If you own an older Econoline, you likely have a steering and suspension system that is pretty sloppy. While there are several factors that impact the looseness of the steering (king pins, bearings, steering joint, etc), one of the likely causes of major steering slop is the tie rod system. This article details my latest tie rod replacement process, along with new steering stabilizer bushings and anti-sway bar mounting hardware.
The removal of the tie rods is not a complex process. There is only one specialty tool that one needs to obtain prior to starting this: a rod puller (image to the right). It’s a “U”-shaped piece of metal that when torqued down, pushes the tie rod thru the hole. All of the other processes of the removal and installation can be conducted with a basic mechanics tool set. If one does not want to buy one of these relatively cheap tools, they can be rented at any typical auto parts store.
I was doing this job on the cheap, so I wanted to get this as good as possible without splurging for an alignment directly after. Eventually I did get an alignment (as everyone should), but I had some stuff in the meantime that wouldn’t allow me to conduct one, so I had to put this back together as closely as possible to the older setup. So, in order to make sure it’s close to aligned, I took a measuring tape and measured the distances for all the tie rods and suspension components. These numbers allowed me to reassemble to pretty close to it was prior to the steering job.
Tie Rods need to be greased regularly. When I would pump my ends with grease, they would immediately leak out of broken seals and boots, which means they are beyond shot. They are essentially running without proper lubrication, and every time I would splash a puddle, it would push more corrosion-producing mud and water into the apparatus, thus degrading the performance even more.
The condition of my old tie rods were less than awful. They likely hadn’t been serviced by the PO for a decade, and I hadn’t fixed them in the five years I owned the van. Here’s a few photos of the mess I had to deal with:
Note, those photos show my castle-nuts already broken. When I started this project, the castle nuts were pressed up on the underside of the mount, with a cotter pin preventing rotation.
The other end was the position under the Pitman Arm. It was probably the end in the worst condition overall.
When I would goop that pitman arm end, it would just seep out without any resistance. The boot was basically had the same consistency of a porous latex glove.
I ordered the following Tie Rod and suspension parts, that had the best reviews that I could find.

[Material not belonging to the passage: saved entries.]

definition WH_solution ::
  "(real \<Rightarrow> real) \<Rightarrow> (real \<Rightarrow> real) \<Rightarrow> (real \<Rightarrow> real) \<Rightarrow> (real \<Rightarrow> real) \<Rightarrow> (real \<Rightarrow> real) \<Rightarrow> bool"
where
  "WH_solution N1 N2 N3 Sp Sm \<longleftrightarrow>
    (\<forall>t. (N1 has_real_derivative ((wh_q (Sp t) (Sm t) - 4 * Sp t) * N1 t)) (at t)
       \<and> (N2 has_real_derivative ((wh_q (Sp t) (Sm t) + 2 * Sp t + 2 * sqrt 3 * Sm t) * N2 t)) (at t)
       \<and> (N3 has_real_derivative ((wh_q (Sp t) (Sm t) + 2 * Sp t - 2 * sqrt 3 * Sm t) * N3 t)) (at t)
       \<and> (Sp has_real_derivative (- (2 - wh_q (Sp t) (Sm t)) * Sp t - 3 * wh_Sp (N1 t) (N2 t) (N3 t))) (at t)
       \<and> (Sm has_real_derivative (- (2 - wh_q (Sp t) (Sm t)) * Sm t - 3 * wh_Sm (N1 t) (N2 t) (N3 t))) (at t)
       \<and> (Sp t)^2 + (Sm t)^2 + (3/4) * ((N1 t)^2 + (N2 t)^2 + (N3 t)^2
            - 2 * (N1 t * N2 t + N2 t * N3 t + N1 t * N3 t)) = 1)"

end

theory Submission
  imports Defs
begin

- Energy Suspension 45103R Steering Stabilizer Bar Bushing Kit
- Moog DS1175:P Tie Rod End
- Moog DS918 Tie Rod End
- Moog ES2914R Tie Rod End
- Moog ES2065L Tie Rod End
Once they arrived, I confirmed they matched the existing parts (so that I wouldn’t have to take them back if they were wrong) and then painted them red. Because I like red, damn it.
Once we busted the tie rods free, we pulled the whole tie-rod assembly off as one whole unit. This is imperative to my process of rebuilding the new assembly to the exact dimensions of the old setup, thus allowing us to hold off on the alignment for a while.

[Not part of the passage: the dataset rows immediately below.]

(* Let $c\in\mathbb{R}\setminus\{0\}$, $b>0$, $d\ge1$, and let $X=(\mathbb{R}/(b/c)\mathbb{Z})\times(\mathbb{R}/b\mathbb{Z})$ be the torus with coordinates $(t,x)$ (periodic in $t$ with period $b/c$ and in $x$ with period $b$). Let $W=C^1(X,\mathbb{R}^d)$ and let $\Sigma=\{u\in W\mid u(t+s,x+cs)=u(t,x)\ \text{for all } s\in\mathbb{R},(t,x)\in X\}$ be the travelling waves with wave speed $c$. Let $L\colon(\mathbb{R}^d)^3\to\mathbb{R}$ be an autonomous Lagrangian such that the action functional $S\colon W\to\mathbb{R}$, $$S(u)=\int_0^{b/c}\int_0^b L\big(u(t,x),u_t(t,x),u_x(t,x)\big)\,\mathrm{d}x\,\mathrm{d}t,$$ is continuously differentiable, and let $S_\Sigma\colon\Sigma\to\mathbb{R}$ be its restriction to $\Sigma$. Then a travelling wave $u\in\Sigma$ is a stationary point of $S$ if and only if $u$ is a stationary point of $S_\Sigma$. Moreover, using the identification $\Sigma\cong C^1(\mathbb{R}/b\mathbb{Z},\mathbb{R}^d)$ given by $u(t,x)=f(x-ct)=f(\xi)$, one has $$S_\Sigma(f)=\frac bc\int_0^b L\big(f(\xi),-cf_\xi(\xi),f_\xi(\xi)\big)\,\mathrm{d}\xi .$$
   Context: A stationary point of $S$ (resp. $S_\Sigma$) is a point at which the derivative of $S$ vanishes in all directions of $W$ (resp. in all directions tangent to the linear subspace $\Sigma$). "Autonomous" means $L$ depends only on $(u,u_t,u_x)$ and not explicitly on $(t,x)$. *)

theory Defs
  imports "HOL-Analysis.Analysis"
begin

(* Functions on the torus X = (R/(b/c)Z) x (R/bZ) are represented as doubly periodic
   functions u :: real \<times> real \<Rightarrow> real^'d with coordinates (t,x). *)

definition pd_t :: "(real \<times> real \<Rightarrow> 'a::real_normed_vector) \<Rightarrow> real \<times> real \<Rightarrow> 'a" where
  "pd_t u p = frechet_derivative u (at p) (1, 0)"

definition pd_x :: "(real \<times> real \<Rightarrow> 'a::real_normed_vector) \<Rightarrow> real \<times> real \<Rightarrow> 'a" where
  "pd_x u p = frechet_derivative u (at p) (0, 1)"

definition W :: "real \<Rightarrow> real \<Rightarrow> (real \<times> real \<Rightarrow> real^'d) set" where
  "W b c = {u. (\<forall>t x. u (t + b / c, x) = u (t, x) \<and> u (t, x + b) = u (t, x))
              \<and> (\<forall>p. u differentiable (at p))
              \<and> continuous_on UNIV (pd_t u) \<and> continuous_on UNIV (pd_x u)}"

definition Sigma_tw :: "real \<Rightarrow> real \<Rightarrow> (real \<times> real \<Rightarrow> real^'d) set" where
  "Sigma_tw b c = {u \<in> W b c. \<forall>s t x. u (t + s, x + c * s) = u (t, x)}"

definition c1norm :: "(real \<times> real \<Rightarrow> real^'d) \<Rightarrow> real" where
  "c1norm u = (SUP p. norm (u p)) + (SUP p. norm (pd_t u p)) + (SUP p. norm (pd_x u p))"

definition oint :: "real \<Rightarrow> real \<Rightarrow> (real \<Rightarrow> real) \<Rightarrow> real" where
  "oint a b g = (if a \<le> b then integral {a..b} g else - integral {b..a} g)"

definition action :: "real \<Rightarrow> real \<Rightarrow> ((real^'d) \<times> (real^'d) \<times> (real^'d) \<Rightarrow> real)
                       \<Rightarrow> (real \<times> real \<Rightarrow> real^'d) \<Rightarrow> real" where
  "action b c L u = oint 0 (b / c)
     (\<lambda>t. oint 0 b (\<lambda>x. L (u (t, x), pd_t u (t, x), pd_x u (t, x))))"

definition frechet_on_W ::
  "real \<Rightarrow> real \<Rightarrow> ((real \<times> real \<Rightarrow> real^'d) \<Rightarrow> real) \<Rightarrow> (real \<times> real \<Rightarrow> real^'d)
     \<Rightarrow> ((real \<times> real \<Rightarrow> real^'d) \<Rightarrow> real) \<Rightarrow> bool" where
  "frechet_on_W b c F u D \<longleftrightarrow>
     (\<forall>v\<in>W b c. \<forall>w\<in>W b c. D (\<lambda>p. v p + w p) = D v + D w)
   \<and> (\<forall>v\<in>W b c. \<forall>a::real. D (\<lambda>p. a *\<^sub>R v p) = a * D v)
   \<and> (\<exists>K. \<forall>v\<in>W b c. \<bar>D v\<bar> \<le> K * c1norm v)
   \<and> (\<forall>e>0. \<exists>\<delta>>0. \<forall>v\<in>W b c. c1norm v < \<delta> \<longrightarrow>
          \<bar>F (\<lambda>p. u p + v p) - F u - D v\<bar> \<le> e * c1norm v)"

definition C1_on_W :: "real \<Rightarrow> real \<Rightarrow> ((real \<times> real \<Rightarrow> real^'d) \<Rightarrow> real) \<Rightarrow> bool" where
  "C1_on_W b c F \<longleftrightarrow>
     (\<exists>DF. (\<forall>u\<in>W b c. frechet_on_W b c F u (DF u))
         \<and> (\<forall>u\<in>W b c. \<forall>e>0. \<exists>\<delta>>0. \<forall>w\<in>W b c. c1norm (\<lambda>p. w p - u p) < \<delta> \<longrightarrow>
               (\<forall>v\<in>W b c. \<bar>DF w v - DF u v\<bar> \<le> e * c1norm v)))"

definition stationary_on :: "(real \<times> real \<Rightarrow> real^'d) set \<Rightarrow> ((real \<times> real \<Rightarrow> real^'d) \<Rightarrow> real)
     \<Rightarrow> (real \<times> real \<Rightarrow> real^'d) \<Rightarrow> bool" where
  "stationary_on V F u \<longleftrightarrow> u \<in> V \<and>
     (\<forall>v\<in>V. ((\<lambda>\<epsilon>. F (\<lambda>p. u p + \<epsilon> *\<^sub>R v p)) has_real_derivative 0) (at 0))"

definition C1_per :: "real \<Rightarrow> (real \<Rightarrow> real^'d) set" where
  "C1_per b = {f. (\<forall>\<xi>. f (\<xi> + b) = f \<xi>) \<and> (\<forall>\<xi>. f differentiable (at \<xi>))
                 \<and> continuous_on UNIV (\<lambda>\<xi>. vector_derivative f (at \<xi>))}"

end

theory Submission
  imports Defs
begin

text \<open>The action is invariant under the flow \<open>(t, x) \<mapsto> (t + s, x + c s)\<close>, which fixes every
  travelling wave \<open>u\<close>. Hence the derivative \<open>D\<close> of \<open>S\<close> at \<open>u\<close> takes the same value on a direction
  \<open>v\<close> and on all its translates along the flow, so also on their means over \<open>N\<close> equally spaced
  times in one period \<open>\<bar>b / c\<bar>\<close> of the flow. These Riemann means converge in \<open>C\<^sup>1\<close> to the average
  of \<open>v\<close> along the orbits of the flow, which is itself a travelling wave; boundedness of \<open>D\<close>
  therefore gives \<open>D v = D v\<^sub>a\<^sub>v\<^sub>g\<close>, and \<open>D v\<^sub>a\<^sub>v\<^sub>g = 0\<close> when \<open>u\<close> is stationary for \<open>S\<^sub>\<Sigma>\<close>.
  The formula for \<open>S\<^sub>\<Sigma>\<close> follows by substituting \<open>u(t, x) = f(x - c t)\<close> and using that the
  integrand is \<open>b\<close>-periodic in \<open>x\<close>.\<close>

section \<open>Periodic functions of one variable\<close>

lemma periodic_add_of_int_mult:
  fixes P :: real
  assumes per: "\<And>y. g (y + P) = g y"
  shows "g (y + of_int k * P) = g y"
proof -
  have nat_mult: "g (y + of_nat n * P) = g y" for n :: nat and y
    by (induction n arbitrary: y) (auto simp: distrib_right per add.assoc[symmetric])
  show ?thesis
  proof (cases "k \<ge> 0")
    case True
    then show ?thesis using nat_mult[where n="nat k"] by simp
  next
    case False
    have "g (y + of_int k * P) = g (y + of_int k * P + of_nat (nat (- k)) * P)"
      using nat_mult by simp
    also have "y + of_int k * P + of_nat (nat (- k)) * P = y" using False by simp
    finally show ?thesis .
  qed
qed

Here’s the old assembly (still constructed) next to the new red tie rods:
If you are wonder what that strut is doing horizontal to the tie rods, that’s my aftermarket steering stabilizer, which does a mild job of helping keep the van from meandering much on the highway. It would likely do a better job with a higher quality strut, but all I could get was a cruddy Monroe strut, that basically stopped working after 10K miles.
I measured the old assembly again, to make sure I have everything documented. The point here is to get it as close to possible, so I found a good datum to conduct my distance measurement.
I laid out all the pieces of the new assembly on the ground, and began transferring everything over. From the old setup, the only things I preserved were the adjustable couplers (#5 and #11 below), otherwise the whole setup was new.
One by one, I greased all the threads and began swapping all the parts. I was careful to make sure that any Moog parts with the “L” or “R” designation fell on the “left” and “right” sides, respectively. (They are not interchangeable, nor do they have similar diameters if you wanted to swap them). The only tricky part was the orientation and order of the bushings for the center link to the middle end (#7 above):
IIRC, I installed the metal bushing first, then the green-arrowed rubber bushing, then the yellow-arrowed cap, then pressed them through the hole and torqued the castle nut down.
With the assembly completed, I remeasured everything to confirm the lengths.
Then I installed the greasing nubs accordingly.
We installed the new assembly and measured it in place:
It panned out ok. Looked good too.
The sway bar bushings and stabilizer link bushings are photographed in that image above. They are red, and are not that hard to replace. Just undo the mounting bolts, slid on the new hardware, grease it because of the type of plastic (the kit should come with proper grease), and reassemble.
With it all completed, I reinstalled my aftermarket steering stabilizer, and it’s all good.
I took it for a spin and there was a substantial improvement on the steering. I don’t think it would be possible to eliminate ALL the slop on these old vans, but this tie rod job did a lot to eliminate 70% of the mess. It felt a lot better, especially on the highways with major cross winds.
No warranty. You are responsible for your vehicle. For novelty use only. Not responsible for anything or anyone. Not responsible for damage to your vehicle, you, or anyone or anything.